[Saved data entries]
_ _ _
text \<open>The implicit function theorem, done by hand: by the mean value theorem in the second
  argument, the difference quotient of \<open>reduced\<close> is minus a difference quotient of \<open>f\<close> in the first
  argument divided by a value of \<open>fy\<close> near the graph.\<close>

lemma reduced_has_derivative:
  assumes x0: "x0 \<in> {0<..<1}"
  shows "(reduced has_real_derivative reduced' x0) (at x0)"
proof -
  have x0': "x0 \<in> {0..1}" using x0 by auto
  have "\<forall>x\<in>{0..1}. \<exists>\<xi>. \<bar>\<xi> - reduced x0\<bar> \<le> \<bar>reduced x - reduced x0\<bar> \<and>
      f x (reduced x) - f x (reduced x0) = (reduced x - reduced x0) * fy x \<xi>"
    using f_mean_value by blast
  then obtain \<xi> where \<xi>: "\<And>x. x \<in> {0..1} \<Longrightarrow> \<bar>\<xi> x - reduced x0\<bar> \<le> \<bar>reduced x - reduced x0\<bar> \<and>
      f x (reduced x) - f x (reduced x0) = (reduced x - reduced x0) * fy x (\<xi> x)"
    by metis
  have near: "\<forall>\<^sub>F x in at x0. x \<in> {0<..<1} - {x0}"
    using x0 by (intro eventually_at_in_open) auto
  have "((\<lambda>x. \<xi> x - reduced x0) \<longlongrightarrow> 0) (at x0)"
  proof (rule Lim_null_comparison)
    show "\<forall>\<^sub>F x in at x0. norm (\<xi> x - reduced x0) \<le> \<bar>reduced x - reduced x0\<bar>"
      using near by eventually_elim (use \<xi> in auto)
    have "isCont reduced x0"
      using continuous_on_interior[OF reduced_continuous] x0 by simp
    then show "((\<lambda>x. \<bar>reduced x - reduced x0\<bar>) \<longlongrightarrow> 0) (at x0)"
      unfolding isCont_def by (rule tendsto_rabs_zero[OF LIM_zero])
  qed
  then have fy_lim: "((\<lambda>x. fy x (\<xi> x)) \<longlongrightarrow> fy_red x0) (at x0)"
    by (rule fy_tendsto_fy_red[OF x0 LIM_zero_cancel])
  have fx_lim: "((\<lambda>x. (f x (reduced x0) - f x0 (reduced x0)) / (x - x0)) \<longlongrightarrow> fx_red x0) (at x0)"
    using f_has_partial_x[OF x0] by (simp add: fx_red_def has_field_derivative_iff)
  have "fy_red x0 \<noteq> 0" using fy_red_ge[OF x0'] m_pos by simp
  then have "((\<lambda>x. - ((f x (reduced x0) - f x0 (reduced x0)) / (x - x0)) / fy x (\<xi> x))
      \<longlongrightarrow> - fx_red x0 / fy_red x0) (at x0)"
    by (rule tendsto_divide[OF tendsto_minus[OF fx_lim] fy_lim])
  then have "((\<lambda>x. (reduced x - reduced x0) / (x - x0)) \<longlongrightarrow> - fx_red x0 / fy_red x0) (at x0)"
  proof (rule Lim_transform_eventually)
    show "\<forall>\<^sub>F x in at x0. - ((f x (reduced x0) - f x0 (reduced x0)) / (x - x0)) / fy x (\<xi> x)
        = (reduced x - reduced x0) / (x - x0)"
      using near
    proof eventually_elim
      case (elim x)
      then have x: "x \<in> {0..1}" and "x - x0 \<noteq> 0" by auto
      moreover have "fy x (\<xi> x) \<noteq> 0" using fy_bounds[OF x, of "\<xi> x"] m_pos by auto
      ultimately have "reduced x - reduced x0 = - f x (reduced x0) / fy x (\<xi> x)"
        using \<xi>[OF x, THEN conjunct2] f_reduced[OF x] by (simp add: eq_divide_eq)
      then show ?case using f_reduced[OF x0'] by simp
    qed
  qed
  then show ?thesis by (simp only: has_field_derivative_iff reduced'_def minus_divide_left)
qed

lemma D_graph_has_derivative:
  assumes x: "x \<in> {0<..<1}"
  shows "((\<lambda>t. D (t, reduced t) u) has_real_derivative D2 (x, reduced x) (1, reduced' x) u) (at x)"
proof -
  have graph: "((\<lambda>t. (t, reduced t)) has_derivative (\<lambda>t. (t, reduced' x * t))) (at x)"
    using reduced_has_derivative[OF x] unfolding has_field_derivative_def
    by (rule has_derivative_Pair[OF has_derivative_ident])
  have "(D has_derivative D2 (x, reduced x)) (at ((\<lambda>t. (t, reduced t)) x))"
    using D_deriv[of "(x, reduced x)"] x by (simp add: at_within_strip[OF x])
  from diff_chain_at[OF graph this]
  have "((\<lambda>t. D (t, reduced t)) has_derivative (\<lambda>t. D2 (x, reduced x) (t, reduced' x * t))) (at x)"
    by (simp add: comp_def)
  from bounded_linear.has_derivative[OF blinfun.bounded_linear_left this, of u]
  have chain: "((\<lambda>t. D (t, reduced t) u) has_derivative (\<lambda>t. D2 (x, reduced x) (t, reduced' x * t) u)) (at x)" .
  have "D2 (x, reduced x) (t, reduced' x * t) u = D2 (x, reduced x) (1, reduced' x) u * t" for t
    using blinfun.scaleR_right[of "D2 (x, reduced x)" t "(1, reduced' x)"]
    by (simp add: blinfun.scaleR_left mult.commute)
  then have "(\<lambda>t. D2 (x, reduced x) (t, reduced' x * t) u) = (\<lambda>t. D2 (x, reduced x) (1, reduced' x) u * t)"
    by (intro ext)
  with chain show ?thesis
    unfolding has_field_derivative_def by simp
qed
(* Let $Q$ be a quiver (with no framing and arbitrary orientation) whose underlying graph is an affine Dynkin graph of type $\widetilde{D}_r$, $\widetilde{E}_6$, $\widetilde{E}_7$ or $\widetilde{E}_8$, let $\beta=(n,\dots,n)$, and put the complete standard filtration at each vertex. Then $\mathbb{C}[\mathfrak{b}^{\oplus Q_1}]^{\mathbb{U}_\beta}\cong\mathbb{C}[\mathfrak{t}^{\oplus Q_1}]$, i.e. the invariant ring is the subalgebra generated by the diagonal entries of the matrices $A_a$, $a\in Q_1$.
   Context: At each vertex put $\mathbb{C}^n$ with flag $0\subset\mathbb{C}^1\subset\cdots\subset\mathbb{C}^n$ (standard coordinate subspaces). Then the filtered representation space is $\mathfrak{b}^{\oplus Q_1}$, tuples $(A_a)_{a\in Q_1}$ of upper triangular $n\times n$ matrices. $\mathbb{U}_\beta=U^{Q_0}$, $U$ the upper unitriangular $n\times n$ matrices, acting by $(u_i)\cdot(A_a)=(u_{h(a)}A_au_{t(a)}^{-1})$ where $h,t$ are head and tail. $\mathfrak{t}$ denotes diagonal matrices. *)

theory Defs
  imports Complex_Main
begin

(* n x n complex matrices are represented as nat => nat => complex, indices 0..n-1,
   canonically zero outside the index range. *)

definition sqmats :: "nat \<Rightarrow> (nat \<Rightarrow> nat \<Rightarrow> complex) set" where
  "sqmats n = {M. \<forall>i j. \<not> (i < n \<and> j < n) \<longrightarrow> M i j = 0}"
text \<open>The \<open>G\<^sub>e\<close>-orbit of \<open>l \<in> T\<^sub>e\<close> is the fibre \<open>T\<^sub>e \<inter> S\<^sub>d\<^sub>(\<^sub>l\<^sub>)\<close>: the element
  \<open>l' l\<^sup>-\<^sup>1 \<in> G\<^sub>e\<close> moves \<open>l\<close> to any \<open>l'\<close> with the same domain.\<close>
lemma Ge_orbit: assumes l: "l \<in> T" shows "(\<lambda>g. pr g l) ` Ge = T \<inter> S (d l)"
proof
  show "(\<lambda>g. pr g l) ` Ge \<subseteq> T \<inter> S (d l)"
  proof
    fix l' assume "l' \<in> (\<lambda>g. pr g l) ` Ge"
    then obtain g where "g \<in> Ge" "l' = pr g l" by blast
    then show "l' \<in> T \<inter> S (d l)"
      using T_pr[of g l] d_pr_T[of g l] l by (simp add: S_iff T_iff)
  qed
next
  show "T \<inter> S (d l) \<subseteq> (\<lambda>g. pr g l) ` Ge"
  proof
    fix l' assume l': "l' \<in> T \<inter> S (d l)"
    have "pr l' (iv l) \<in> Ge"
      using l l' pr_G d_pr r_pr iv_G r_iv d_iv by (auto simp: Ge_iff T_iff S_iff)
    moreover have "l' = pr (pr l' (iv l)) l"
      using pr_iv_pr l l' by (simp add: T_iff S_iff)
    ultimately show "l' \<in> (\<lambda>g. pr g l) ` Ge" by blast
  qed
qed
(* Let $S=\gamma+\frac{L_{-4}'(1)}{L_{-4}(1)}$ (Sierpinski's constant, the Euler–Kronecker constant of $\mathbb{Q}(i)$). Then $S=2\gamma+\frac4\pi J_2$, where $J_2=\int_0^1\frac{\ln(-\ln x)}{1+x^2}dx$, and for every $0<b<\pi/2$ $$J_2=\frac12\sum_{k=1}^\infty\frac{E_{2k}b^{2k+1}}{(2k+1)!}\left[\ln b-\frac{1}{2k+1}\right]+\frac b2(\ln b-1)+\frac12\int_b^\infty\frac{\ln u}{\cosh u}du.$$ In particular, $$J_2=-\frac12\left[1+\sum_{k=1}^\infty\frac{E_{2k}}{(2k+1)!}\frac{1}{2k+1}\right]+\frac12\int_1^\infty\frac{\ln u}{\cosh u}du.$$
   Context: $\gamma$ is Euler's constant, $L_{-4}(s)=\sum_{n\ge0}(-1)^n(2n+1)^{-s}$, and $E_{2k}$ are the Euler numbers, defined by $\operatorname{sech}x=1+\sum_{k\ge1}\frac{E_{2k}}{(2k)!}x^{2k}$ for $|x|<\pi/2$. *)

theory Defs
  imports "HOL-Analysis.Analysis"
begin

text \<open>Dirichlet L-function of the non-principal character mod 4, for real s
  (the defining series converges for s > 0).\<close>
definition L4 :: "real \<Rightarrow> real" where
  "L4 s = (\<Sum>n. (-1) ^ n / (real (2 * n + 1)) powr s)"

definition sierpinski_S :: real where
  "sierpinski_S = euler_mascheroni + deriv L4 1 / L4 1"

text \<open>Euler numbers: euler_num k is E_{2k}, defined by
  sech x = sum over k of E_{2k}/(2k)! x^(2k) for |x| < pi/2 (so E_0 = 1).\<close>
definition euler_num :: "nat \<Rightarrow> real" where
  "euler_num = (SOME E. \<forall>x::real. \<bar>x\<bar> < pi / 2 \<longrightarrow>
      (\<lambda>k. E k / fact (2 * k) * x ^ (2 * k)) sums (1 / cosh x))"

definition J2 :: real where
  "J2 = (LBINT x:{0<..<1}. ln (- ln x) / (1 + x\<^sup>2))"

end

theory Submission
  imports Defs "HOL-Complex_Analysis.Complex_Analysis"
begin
_ _ _
Look above for the line that contains "x0. x \<in>". Starting there, transcribe every line exactly until you have copied the line that contains "at x0. norm".

#### Result
  have near: "\<forall>\<^sub>F x in at x0. x \<in> {0<..<1} - {x0}"
    using x0 by (intro eventually_at_in_open) auto
  have "((\<lambda>x. \<xi> x - reduced x0) \<longlongrightarrow> 0) (at x0)"
  proof (rule Lim_null_comparison)
    show "\<forall>\<^sub>F x in at x0. norm (\<xi> x - reduced x0) \<le> \<bar>reduced x - reduced x0\<bar>"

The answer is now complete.